Мне только-только миновало четыре. Окружающий мир был огромен, удивителен и противоречив! В то время для меня он состоял из неба и потолков, из подбородков и огромных рук, которые только-только перестали ко мне тянуться, когда мне было надо и наоборот. Колени, в брюках и торчащие из-под подолов, закрывали рвущееся ко мне на уровне глаз, и иногда я была этому рада, а иногда хотелось укусить мешающее видеть – что же за ними! И я старалась отбежать в сторону, но потные ладони ловили меня и поднимали на уровень лиц, что своей складчатой безобразностью так не походили на гладкие личики моих сверстников. И оказавшись в ином, охватывающем страхом высоты, мире, я ревела и брыкалась, стремясь почувствовать под ногами привычную опору...
– Не надо её тискать! Видишь, что не любит, – устало говорила мама.
– Что ж она растёт такой недотрогой? – улыбался отец. 
И в моём самосознании к имени и безликому «девочка» присоединилось ещё и упрямое «недотрога».

И вдруг меня перестали трогать совсем! Родители постоянно носили и баюкали, передавая из рук в руки, похожий на огромную личинку майского жука белый свёрток, с торчащей из него крохотной чёрной головкой. Эта головка жевала мамину оголённую грудь и тогда молчала, но если свёрток начинал пахнуть моим горшком, то оглушительно орала так, что приходилось затыкать уши или накрываться подушкой!..
Но ещё отвратительнее выглядело, когда свёрток разворачивали! Из-за края стола мне не было видно тельца, а лишь «кукольные» ножки и ручки, которые сгибались-разгибались и дрыгали, словно стараясь оторваться!.. И однажды я оторвала своей кукле ноги и руки, чтобы посмотреть… И была мамой впервые нашлёпана по попе, без каких-либо объяснений!..

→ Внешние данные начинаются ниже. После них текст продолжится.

lemma pairing_from_reduced:
  assumes reduced_pairing: "\<And>u. u \<in> reduced_V \<inter> X \<Longrightarrow> \<exists>P. pairing_avoiding reduced_E (reduced_V \<inter> X) u P"
    and v: "v \<in> V \<inter> X"
  shows "\<exists>P. pairing_avoiding E (V \<inter> X) v P"
proof (cases "v \<in> reduced_V")
  case True
  then show ?thesis using reduced_pairing v pairing_at_reduced_vertex by blast
next
  case False
  have "p \<in> X" using XF_subset_X end_in_XF[OF leaf_edge p_in_leaf_edge] by blast
  then obtain P' where P': "pairing_avoiding reduced_E (reduced_V \<inter> X) p P'"
    using reduced_pairing p_in_reduced_V by blast
  have "v \<noteq> \<mu>" using v m_notin_X[OF leaf_edge l_in_leaf_edge] by blast
  then consider "v \<in> set Wl" | "v \<in> set Wp" using v False V_subset_reduced_V by blast
  then show ?thesis
  proof cases
    case 1
    then show ?thesis using pairing_at_new_vertex[OF _ _ _ _ P'] v False p_in_reduced_V by blast
  next
    case 2
    have "{p, l} = {l, p}" by blast
    then show ?thesis using pairing_at_new_vertex[OF _ 2 _ _ P'] v False p_in_reduced_V by blast
  qed
qed

end

lemma bipartite_cactus_decomposition_induct [consumes 1, case_names single_vertex leaf]:
  assumes "bipartite_cactus_decomposition XF ET m W V E X"
    and single_vertex: "\<And>XF ET V E. bipartite_cactus_decomposition XF ET m W V E X \<Longrightarrow> card XF \<le> 1 \<Longrightarrow> P XF ET V E"
    and leaf: "\<And>XF ET V E l p. cactus_leaf XF ET m W V E X l p \<Longrightarrow>
      P (XF - {l}) (ET - {{l, p}}) (cactus_leaf.reduced_V XF ET m W l p) (cactus_leaf.reduced_E ET m W l p)
      \<Longrightarrow> P XF ET V E"
  shows "P XF ET V E"
  using assms(1)
proof (induction "card XF" arbitrary: XF ET V E rule: less_induct)
  case less
  interpret bipartite_cactus_decomposition XF ET m W V E X by (rule less.prems)
  show ?case
  proof (cases "card XF \<le> 1")
    case True
    with less.prems show ?thesis by (rule single_vertex)
  next
    case False
    obtain l p where "{l, p} \<in> ET" "l \<noteq> p" "\<forall>e\<in>ET. l \<in> e \<longrightarrow> e = {l, p}"
      by (rule tree_has_leaf[OF tree False])
    then have leaf_XF: "cactus_leaf XF ET m W V E X l p"
      unfolding cactus_leaf_def cactus_leaf_axioms_def using less.prems by blast
    then show ?thesis
      using less.hyps[OF cactus_leaf.card_XF_reduced_less[OF leaf_XF] cactus_leaf.reduced[OF leaf_XF]]
      by (rule leaf)
  qed
qed

lemma staller_wins_cactus:
  assumes "bipartite_cactus_decomposition XF ET m W V E X"
  shows "staller_wins V E (V - X) {} V True"
  using assms
proof (induction rule: bipartite_cactus_decomposition_induct)
  case (single_vertex XF ET V E)
  then show ?case by (rule bipartite_cactus_decomposition.staller_wins_single_vertex)
next
  case (leaf XF ET V E l p)
  then show ?case by (rule cactus_leaf.staller_wins_from_reduced)
qed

Когда родители от крика «личинки» устали спать по очереди, к нам приехала дотоле неизвестная «бабушка» – толстая старушка, пахнущая валерьянкой и пирогами. Вскоре пирогами пропах весь дом!.. Они появились и в духовке и на столе – с мясом и рыбой, с вареньем и творогом; и я перестала есть что-либо другое, отчего взрослые начали ссориться. А ещё они ссорились при слове «крестины». Но вскоре пришли к примирению, решив «окрестить» моего новорожденного брата. Я сразу же вспомнила, как ранней весной поставили крест над соседской старушкой, у которой я «гостевала», когда, заболев, не ходила в садик. Смешанное чувство охватило меня – было жаль закопанную в деревянном ящике соседку, но радостно, что у нас в доме опять будет тихо, а меня снова будут брать на руки, отчего я, впредь, не стану брыкаться!..

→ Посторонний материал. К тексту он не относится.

(* Let the communication parameter be an integer $a\ge 2$ and suppose: (i) for every pair of distinct hypotheses $\theta_p,\theta_q\in\Theta$, the source set $\mathcal{S}(\theta_p,\theta_q)$ is non-empty; (ii) the directed graph $\mathcal{G}$ is strongly connected; (iii) $\pi_{i,0}(\theta)>0$ and $\mu_{i,0}(\theta)>0$ for all $i\in\mathcal{V}$ and all $\theta\in\Theta$. Then the learning rule (local Bayesian update plus time-triggered min-protocol, as described in the context) guarantees: (Consistency) for every agent $i\in\mathcal{V}$, $\mu_{i,t}(\theta^\star)\to 1$ almost surely (w.r.t. $\mathbb{P}^{\theta^\star}$); (Rate) for every agent $i\in\mathcal{V}$ and every false hypothesis $\theta\in\Theta\setminus\{\theta^\star\}$, $$\liminf_{t\to\infty}-\frac{\log \mu_{i,t}(\theta)}{t}\ \ge\ \max_{v\in\mathcal{S}(\theta^\star,\theta)}\frac{K_v(\theta^\star,\theta)}{a^{\,d(v,i)+1}}\quad\text{almost surely.}$$
   Context: Agents $\mathcal{V}=\{1,\dots,n\}$ interact over a directed graph $\mathcal{G}=(\mathcal{V},\mathcal{E})$; an edge $(j,i)\in\mathcal{E}$ means $j$ can send information to $i$, and $\mathcal{N}_i=\{j:(j,i)\in\mathcal{E}\}$ is the set of (in-)neighbors of $i$. For a strongly connected $\mathcal{G}$, $d(i,j)$ is the length of a shortest directed path from $i$ to $j$ ($d(i,i)=0$), and $\bar d(\mathcal{G})=\max_{i,j}d(i,j)$ is the diameter. $\Theta=\{\theta_1,\dots,\theta_m\}$ is a finite set of hypotheses, and $\theta^\star\in\Theta$ is a fixed (unknown) true state. Each agent $i$ has a finite signal space $\mathcal{S}_i$; $\mathcal{S}=\mathcal{S}_1\times\cdots\times\mathcal{S}_n$. For each $\theta\in\Theta$ there is a joint likelihood $l(\cdot|\theta)$ on $\mathcal{S}$ whose $i$-th marginal $l_i(\cdot|\theta)$ is known to agent $i$, with $l_i(w_i|\theta)>0$ for all $w_i\in\mathcal{S}_i,\theta\in\Theta$. At each time $t\in\mathbb{N}_+$ the profile $s_t=(s_{1,t},\dots,s_{n,t})$ is drawn from $l(\cdot|\theta^\star)$, i.i.d. over time (possibly correlated across agents at a given time); agent $i$ observes $s_{i,t}$. The probability space is $\Omega=\{(s_1,s_2,\dots)\}$ with product measure $\mathbb{P}^{\theta^\star}=\prod_{t\ge1}l(\cdot|\theta^\star)$; "a.s." is w.r.t. $\mathbb{P}^{\theta^\star}$. $K_i(\theta_p,\theta_q)=D(l_i(\cdot|\theta_p)\,\|\,l_i(\cdot|\theta_q))$ is the KL divergence. The source set is $\mathcal{S}(\theta_p,\theta_q)=\{i\in\mathcal{V}:K_i(\theta_p,\theta_q)>0\}$. Learning rule with parameter $a\in\mathbb{N}_+$: each agent keeps probability vectors $\boldsymbol\pi_{i,t}$ (local beliefs) and $\boldsymbol\mu_{i,t}$ (actual beliefs) on $\Theta$, initialized at $\boldsymbol\pi_{i,0},\boldsymbol\mu_{i,0}$. Let $\mathbb{I}=\{t_k\}_{k\in\mathbb{N}_+}$ with $t_1=1$ and $t_{k+1}-t_k=a^k$. For every $t\in\mathbb{N}$: $\pi_{i,t+1}(\theta)=\dfrac{l_i(s_{i,t+1}|\theta)\pi_{i,t}(\theta)}{\sum_{p=1}^m l_i(s_{i,t+1}|\theta_p)\pi_{i,t}(\theta_p)}$; if $t+1\in\mathbb{I}$: $\mu_{i,t+1}(\theta)=\dfrac{\min\{\{\mu_{j,t}(\theta)\}_{j\in\mathcal{N}_i},\pi_{i,t+1}(\theta)\}}{\sum_{p=1}^m\min\{\{\mu_{j,t}(\theta_p)\}_{j\in\mathcal{N}_i},\pi_{i,t+1}(\theta_p)\}}$; if $t+1\notin\mathbb{I}$: $\mu_{i,t+1}(\theta)=\mu_{i,t}(\theta)$. *)

theory Defs
  imports "HOL-Probability.Probability" "HOL-Probability.Stream_Space"
begin

definition lik :: "('h \<Rightarrow> ('v \<Rightarrow> 's) pmf) \<Rightarrow> 'v \<Rightarrow> 'h \<Rightarrow> 's \<Rightarrow> real" where
  "lik l i th w = pmf (map_pmf (\<lambda>s. s i) (l th)) w"

definition KL :: "('h \<Rightarrow> ('v \<Rightarrow> 's) pmf) \<Rightarrow> ('v \<Rightarrow> 's set) \<Rightarrow> 'v \<Rightarrow> 'h \<Rightarrow> 'h \<Rightarrow> real" where
  "KL l Sig i p q = (\<Sum>w\<in>Sig i. lik l i p w * ln (lik l i p w / lik l i q w))"

definition source_set :: "('h \<Rightarrow> ('v \<Rightarrow> 's) pmf) \<Rightarrow> ('v \<Rightarrow> 's set) \<Rightarrow> 'h \<Rightarrow> 'h \<Rightarrow> 'v set" where
  "source_set l Sig p q = {i. KL l Sig i p q > 0}"

(* in-neighbours: (j,i) \<in> E means j can send to i *)
definition nbrs :: "('v \<times> 'v) set \<Rightarrow> 'v \<Rightarrow> 'v set" where
  "nbrs E i = {j. (j, i) \<in> E}"

definition strongly_connected :: "('v::finite \<times> 'v) set \<Rightarrow> bool" where
  "strongly_connected E \<longleftrightarrow> (\<forall>i j. (i, j) \<in> E\<^sup>*)"

definition dist_graph :: "('v \<times> 'v) set \<Rightarrow> 'v \<Rightarrow> 'v \<Rightarrow> nat" where
  "dist_graph E i j = (LEAST k. (i, j) \<in> E ^^ k)"

(* triggering times: trig a k = t_{k+1}; t_1 = 1, t_{k+1} - t_k = a^k *)
fun trig :: "nat \<Rightarrow> nat \<Rightarrow> nat" where
  "trig a 0 = 1"
| "trig a (Suc k) = trig a k + a ^ Suc k"

(* Joint state (local beliefs pi, actual beliefs mu) at time t along the signal path \<omega>;
   the signal profile s_t (t \<ge> 1) is \<omega> !! (t - 1). *)
fun beliefs :: "nat \<Rightarrow> ('v \<times> 'v) set \<Rightarrow> ('h::finite \<Rightarrow> ('v \<Rightarrow> 's) pmf)
    \<Rightarrow> ('v \<Rightarrow> 'h \<Rightarrow> real) \<Rightarrow> ('v \<Rightarrow> 'h \<Rightarrow> real) \<Rightarrow> ('v \<Rightarrow> 's) stream \<Rightarrow> nat
    \<Rightarrow> ('v \<Rightarrow> 'h \<Rightarrow> real) \<times> ('v \<Rightarrow> 'h \<Rightarrow> real)" where
  "beliefs a E l pi0 mu0 \<omega> 0 = (pi0, mu0)"
| "beliefs a E l pi0 mu0 \<omega> (Suc t) =
     (let pi = fst (beliefs a E l pi0 mu0 \<omega> t);
          mu = snd (beliefs a E l pi0 mu0 \<omega> t);
          s = \<omega> !! t;
          pi' = (\<lambda>i th. lik l i th (s i) * pi i th / (\<Sum>p\<in>UNIV. lik l i p (s i) * pi i p));
          mn = (\<lambda>i th. Min (insert (pi' i th) ((\<lambda>j. mu j th) ` nbrs E i)));
          mu' = (if Suc t \<in> range (trig a)
                 then (\<lambda>i th. mn i th / (\<Sum>p\<in>UNIV. mn i p))
                 else mu)
      in (pi', mu'))"

definition loc_belief where
  "loc_belief a E l pi0 mu0 \<omega> t i th = fst (beliefs a E l pi0 mu0 \<omega> t) i th"

definition act_belief where
  "act_belief a E l pi0 mu0 \<omega> t i th = snd (beliefs a E l pi0 mu0 \<omega> t) i th"

end

theory Submission
  imports Defs
begin

text \<open>Fix a false hypothesis \<open>\<theta>\<close>, a source \<open>v\<close> with \<open>K = K\<^sub>v(\<theta>\<^sup>\<star>, \<theta>) > 0\<close> and \<open>d = d(v, i)\<close>.
  Bayesian updating makes the local belief of \<open>v\<close> in \<open>\<theta>\<close> proportional to \<open>exp (- S t)\<close>, where
  \<open>S t\<close> is the accumulated log-likelihood ratio, and by a Chernoff bound and Borel--Cantelli
  almost surely \<open>S t \<ge> (K - \<epsilon>) t\<close> eventually. So this local belief decays like \<open>exp (- K t)\<close>,
  while every belief in \<open>\<theta>\<^sup>\<star>\<close> stays above \<open>c exp (- \<epsilon> t)\<close>. At each triggering time the
  min-protocol passes a small belief one edge further and the normalisation inflates it by at
  most \<open>exp (\<epsilon> t) / c\<close>. Along a shortest path from \<open>v\<close> to \<open>i\<close>, the actual belief of \<open>i\<close>
  at time \<open>t\<close> is thus controlled by the local belief of \<open>v\<close> at the triggering time \<open>d + 1\<close>
  steps earlier, which is roughly \<open>t / a\<^bsup>d+1\<^esup>\<close>. This gives the rate \<open>K / a\<^bsup>d+1\<^esup>\<close>;
  consistency follows since every false hypothesis has a source.\<close>

lemma exp_le_1_plus_plus_sq:
  fixes y :: real assumes "\<bar>y\<bar> \<le> 1" shows "exp y \<le> 1 + y + y\<^sup>2"
proof (cases "y \<ge> 0")
  case True thus ?thesis using exp_bound[of y] assms by auto
next
  case False
  define u where "u = - y"
  have u: "0 < u" "u \<le> 1" using False assms by (auto simp: u_def)
  have "exp y = 1 / exp u" by (simp add: u_def exp_minus field_simps)
  also have "\<dots> \<le> 1 / (1 + u)" using u exp_ge_add_one_self[of u]
    by (intro divide_left_mono) auto
  also have "\<dots> \<le> 1 - u + u\<^sup>2"
  proof -
    have "1 \<le> (1 - u + u\<^sup>2) * (1 + u)"
      using u by (simp add: algebra_simps power2_eq_square power3_eq_cube)
    thus ?thesis using u by (simp add: field_simps)
  qed
  finally show ?thesis by (simp add: u_def)
qed

lemma pmf_expectation_exp_le:
  fixes p :: "'a pmf" and f :: "'a \<Rightarrow> real"
  assumes B: "\<And>x. x \<in> set_pmf p \<Longrightarrow> \<bar>f x\<bar> \<le> B" and lam: "0 \<le> lam" "lam * B \<le> 1"
  shows "measure_pmf.expectation p (\<lambda>x. exp (- lam * f x))
           \<le> exp (- lam * measure_pmf.expectation p f + lam\<^sup>2 * B\<^sup>2)"
proof -
  have f_int: "integrable (measure_pmf p) f"
    by (rule measure_pmf.integrable_const_bound[where B=B]) (auto simp: AE_measure_pmf_iff B)
  have lam_f: "\<bar>- lam * f x\<bar> \<le> lam * B" if "x \<in> set_pmf p" for x
    using lam B[OF that] by (simp add: abs_mult mult_left_mono)
  have pointwise: "exp (- lam * f x) \<le> 1 - lam * f x + lam\<^sup>2 * B\<^sup>2" if x: "x \<in> set_pmf p" for x
  proof -
    have "exp (- lam * f x) \<le> 1 + (- lam * f x) + (- lam * f x)\<^sup>2"
      using lam_f[OF x] lam by (intro exp_le_1_plus_plus_sq) linarith
    moreover have "(- lam * f x)\<^sup>2 \<le> (lam * B)\<^sup>2"
      using lam_f[OF x] by (metis abs_le_square_iff abs_of_nonneg abs_ge_zero order_trans)
    ultimately show ?thesis by (simp add: power_mult_distrib)
  qed
  have exp_int: "integrable (measure_pmf p) (\<lambda>x. exp (- lam * f x))"
    by (rule measure_pmf.integrable_const_bound[where B="exp (lam * B)"])
       (use lam_f in \<open>auto simp: AE_measure_pmf_iff abs_le_iff\<close>)
  have "measure_pmf.expectation p (\<lambda>x. exp (- lam * f x))
          \<le> measure_pmf.expectation p (\<lambda>x. 1 - lam * f x + lam\<^sup>2 * B\<^sup>2)"
    by (rule integral_mono_AE) (use pointwise exp_int f_int in \<open>auto simp: AE_measure_pmf_iff\<close>)
  also have "\<dots> = 1 + (- lam * measure_pmf.expectation p f + lam\<^sup>2 * B\<^sup>2)"
    using f_int by simp
  also have "\<dots> \<le> exp (- lam * measure_pmf.expectation p f + lam\<^sup>2 * B\<^sup>2)"
    by (rule exp_ge_add_one_self)
  finally show ?thesis .
qed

И вот, приодевшись нарядно, радостная и взволнованная семья двинулась в сторону кладбища. Родители, наверно пожадничав, не сколотили ящик для притихшего «кулька», а просто несли его все по очереди на руках. А я, вскоре уставшая до дрожи в ногах, боялась напомнить о себе, попросившись «на ручки», чтобы и меня не зарыли в землю, закидав бумажными цветами…
Но, не доходя до берёзовой рощи с крестами на холмиках, родители повернули в сторону огромного здания с широкими ступенями каменной лестницы. Невероятно огромные двери, скорее похожие на кованые ворота, были распахнуты, и из прохладной глубины струился золотистый свет вперемежку с тонким ароматом, напомнившим пряную запечённую утку и сладость мёда...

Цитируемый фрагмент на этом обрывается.